• **PROBLEM TO WORK ON**:
Whatever the records below say, write them all out exactly.

• **DATA EXTRACT**:
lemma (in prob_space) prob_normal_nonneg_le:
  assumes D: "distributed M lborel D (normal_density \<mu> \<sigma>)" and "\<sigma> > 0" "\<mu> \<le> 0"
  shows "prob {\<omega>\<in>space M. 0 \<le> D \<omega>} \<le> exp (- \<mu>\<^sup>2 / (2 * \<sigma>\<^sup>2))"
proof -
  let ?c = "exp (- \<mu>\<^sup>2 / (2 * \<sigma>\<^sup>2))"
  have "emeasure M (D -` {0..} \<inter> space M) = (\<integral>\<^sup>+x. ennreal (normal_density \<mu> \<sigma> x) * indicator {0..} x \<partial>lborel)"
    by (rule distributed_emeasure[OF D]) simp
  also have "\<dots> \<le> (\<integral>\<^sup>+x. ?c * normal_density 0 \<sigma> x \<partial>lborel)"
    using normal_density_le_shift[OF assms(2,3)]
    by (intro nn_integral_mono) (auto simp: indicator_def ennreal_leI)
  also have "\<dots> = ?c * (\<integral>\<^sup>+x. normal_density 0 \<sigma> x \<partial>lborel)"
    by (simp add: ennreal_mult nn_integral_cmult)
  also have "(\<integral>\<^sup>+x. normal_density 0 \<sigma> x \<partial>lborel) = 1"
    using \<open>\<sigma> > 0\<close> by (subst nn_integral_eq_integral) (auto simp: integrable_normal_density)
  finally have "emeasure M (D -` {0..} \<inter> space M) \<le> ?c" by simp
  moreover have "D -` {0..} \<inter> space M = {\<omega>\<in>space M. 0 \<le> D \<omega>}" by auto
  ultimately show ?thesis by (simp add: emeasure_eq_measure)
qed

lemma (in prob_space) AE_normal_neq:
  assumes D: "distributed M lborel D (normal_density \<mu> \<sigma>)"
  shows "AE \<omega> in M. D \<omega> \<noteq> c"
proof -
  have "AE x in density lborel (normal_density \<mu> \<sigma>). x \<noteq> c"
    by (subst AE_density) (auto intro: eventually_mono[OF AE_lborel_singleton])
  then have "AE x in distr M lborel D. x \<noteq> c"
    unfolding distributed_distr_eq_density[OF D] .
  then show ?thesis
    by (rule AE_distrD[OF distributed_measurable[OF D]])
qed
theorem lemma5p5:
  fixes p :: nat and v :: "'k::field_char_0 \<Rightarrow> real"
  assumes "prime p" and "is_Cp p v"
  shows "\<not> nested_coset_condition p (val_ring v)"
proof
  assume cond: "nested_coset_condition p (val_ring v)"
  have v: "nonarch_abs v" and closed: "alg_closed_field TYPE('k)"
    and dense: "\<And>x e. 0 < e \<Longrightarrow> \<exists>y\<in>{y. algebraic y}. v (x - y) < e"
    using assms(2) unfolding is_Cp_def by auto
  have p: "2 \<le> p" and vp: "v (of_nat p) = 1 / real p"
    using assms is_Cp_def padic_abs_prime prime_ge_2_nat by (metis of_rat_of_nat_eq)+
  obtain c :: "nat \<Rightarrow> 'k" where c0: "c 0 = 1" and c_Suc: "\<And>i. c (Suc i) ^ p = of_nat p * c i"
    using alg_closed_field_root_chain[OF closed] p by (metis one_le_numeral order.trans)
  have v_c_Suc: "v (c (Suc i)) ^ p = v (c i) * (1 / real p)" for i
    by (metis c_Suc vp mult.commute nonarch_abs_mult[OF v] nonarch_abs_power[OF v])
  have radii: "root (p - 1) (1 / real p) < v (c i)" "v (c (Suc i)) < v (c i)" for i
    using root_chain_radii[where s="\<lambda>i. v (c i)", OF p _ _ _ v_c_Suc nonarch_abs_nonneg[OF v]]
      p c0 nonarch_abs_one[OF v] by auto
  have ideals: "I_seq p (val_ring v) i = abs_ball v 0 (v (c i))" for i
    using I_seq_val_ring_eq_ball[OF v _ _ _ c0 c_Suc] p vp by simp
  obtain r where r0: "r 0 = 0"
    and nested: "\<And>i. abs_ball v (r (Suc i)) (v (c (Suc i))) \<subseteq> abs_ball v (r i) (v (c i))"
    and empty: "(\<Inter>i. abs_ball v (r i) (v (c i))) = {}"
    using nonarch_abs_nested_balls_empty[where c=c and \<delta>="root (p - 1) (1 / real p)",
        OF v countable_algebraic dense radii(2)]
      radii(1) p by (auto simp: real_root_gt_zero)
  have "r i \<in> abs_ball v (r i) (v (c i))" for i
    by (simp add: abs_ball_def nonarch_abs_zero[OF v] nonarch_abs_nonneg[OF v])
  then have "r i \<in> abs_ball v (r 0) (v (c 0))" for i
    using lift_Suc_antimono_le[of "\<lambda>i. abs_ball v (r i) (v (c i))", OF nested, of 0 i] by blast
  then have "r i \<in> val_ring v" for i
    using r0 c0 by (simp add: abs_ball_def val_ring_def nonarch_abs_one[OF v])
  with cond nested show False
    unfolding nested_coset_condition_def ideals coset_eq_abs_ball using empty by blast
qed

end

• **EXERCISE RESPONSE**:
lemma (in prob_space) prob_normal_nonneg_le:
  assumes D: "distributed M lborel D (normal_density \<mu> \<sigma>)" and "\<sigma> > 0" "\<mu> \<le> 0"
  shows "prob {\<omega>\<in>space M. 0 \<le> D \<omega>} \<le> exp (- \<mu>\<^sup>2 / (2 * \<sigma>\<^sup>2))"
proof -
  let ?c = "exp (- \<mu>\<^sup>2 / (2 * \<sigma>\<^sup>2))"
  have "emeasure M (D -` {0..} \<inter> space M) = (\<integral>\<^sup>+x. ennreal (normal_density \<mu> \<sigma> x) * indicator {0..} x \<partial>lborel)"
    by (rule distributed_emeasure[OF D]) simp
  also have "\<dots> \<le> (\<integral>\<^sup>+x. ?c * normal_density 0 \<sigma> x \<partial>lborel)"
    using normal_density_le_shift[OF assms(2,3)]
    by (intro nn_integral_mono) (auto simp: indicator_def ennreal_leI)
  also have "\<dots> = ?c * (\<integral>\<^sup>+x. normal_density 0 \<sigma> x \<partial>lborel)"
    by (simp add: ennreal_mult nn_integral_cmult)
  also have "(\<integral>\<^sup>+x. normal_density 0 \<sigma> x \<partial>lborel) = 1"
    using \<open>\<sigma> > 0\<close> by (subst nn_integral_eq_integral) (auto simp: integrable_normal_density)
  finally have "emeasure M (D -` {0..} \<inter> space M) \<le> ?c" by simp
  moreover have "D -` {0..} \<inter> space M = {\<omega>\<in>space M. 0 \<le> D \<omega>}" by auto
  ultimately show ?thesis by (simp add: emeasure_eq_measure)
qed

lemma (in prob_space) AE_normal_neq:
  assumes D: "distributed M lborel D (normal_density \<mu> \<sigma>)"
  shows "AE \<omega> in M. D \<omega> \<noteq> c"
proof -
  have "AE x in density lborel (normal_density \<mu> \<sigma>). x \<noteq> c"
    by (subst AE_density) (auto intro: eventually_mono[OF AE_lborel_singleton])
  then have "AE x in distr M lborel D. x \<noteq> c"
    unfolding distributed_distr_eq_density[OF D] .
  then show ?thesis
    by (rule AE_distrD[OF distributed_measurable[OF D]])
qed
theorem lemma5p5:
  fixes p :: nat and v :: "'k::field_char_0 \<Rightarrow> real"
  assumes "prime p" and "is_Cp p v"
  shows "\<not> nested_coset_condition p (val_ring v)"
proof
  assume cond: "nested_coset_condition p (val_ring v)"
  have v: "nonarch_abs v" and closed: "alg_closed_field TYPE('k)"
    and dense: "\<And>x e. 0 < e \<Longrightarrow> \<exists>y\<in>{y. algebraic y}. v (x - y) < e"
    using assms(2) unfolding is_Cp_def by auto
  have p: "2 \<le> p" and vp: "v (of_nat p) = 1 / real p"
    using assms is_Cp_def padic_abs_prime prime_ge_2_nat by (metis of_rat_of_nat_eq)+
  obtain c :: "nat \<Rightarrow> 'k" where c0: "c 0 = 1" and c_Suc: "\<And>i. c (Suc i) ^ p = of_nat p * c i"
    using alg_closed_field_root_chain[OF closed] p by (metis one_le_numeral order.trans)
  have v_c_Suc: "v (c (Suc i)) ^ p = v (c i) * (1 / real p)" for i
    by (metis c_Suc vp mult.commute nonarch_abs_mult[OF v] nonarch_abs_power[OF v])
  have radii: "root (p - 1) (1 / real p) < v (c i)" "v (c (Suc i)) < v (c i)" for i
    using root_chain_radii[where s="\<lambda>i. v (c i)", OF p _ _ _ v_c_Suc nonarch_abs_nonneg[OF v]]
      p c0 nonarch_abs_one[OF v] by auto
  have ideals: "I_seq p (val_ring v) i = abs_ball v 0 (v (c i))" for i
    using I_seq_val_ring_eq_ball[OF v _ _ _ c0 c_Suc] p vp by simp
  obtain r where r0: "r 0 = 0"
    and nested: "\<And>i. abs_ball v (r (Suc i)) (v (c (Suc i))) \<subseteq> abs_ball v (r i) (v (c i))"
    and empty: "(\<Inter>i. abs_ball v (r i) (v (c i))) = {}"
    using nonarch_abs_nested_balls_empty[where c=c and \<delta>="root (p - 1) (1 / real p)",
        OF v countable_algebraic dense radii(2)]
      radii(1) p by (auto simp: real_root_gt_zero)
  have "r i \<in> abs_ball v (r i) (v (c i))" for i
    by (simp add: abs_ball_def nonarch_abs_zero[OF v] nonarch_abs_nonneg[OF v])
  then have "r i \<in> abs_ball v (r 0) (v (c 0))" for i
    using lift_Suc_antimono_le[of "\<lambda>i. abs_ball v (r i) (v (c i))", OF nested, of 0 i] by blast
  then have "r i \<in> val_ring v" for i
    using r0 c0 by (simp add: abs_ball_def val_ring_def nonarch_abs_one[OF v])
  with cond nested show False
    unfolding nested_coset_condition_def ideals coset_eq_abs_ball using empty by blast
qed

end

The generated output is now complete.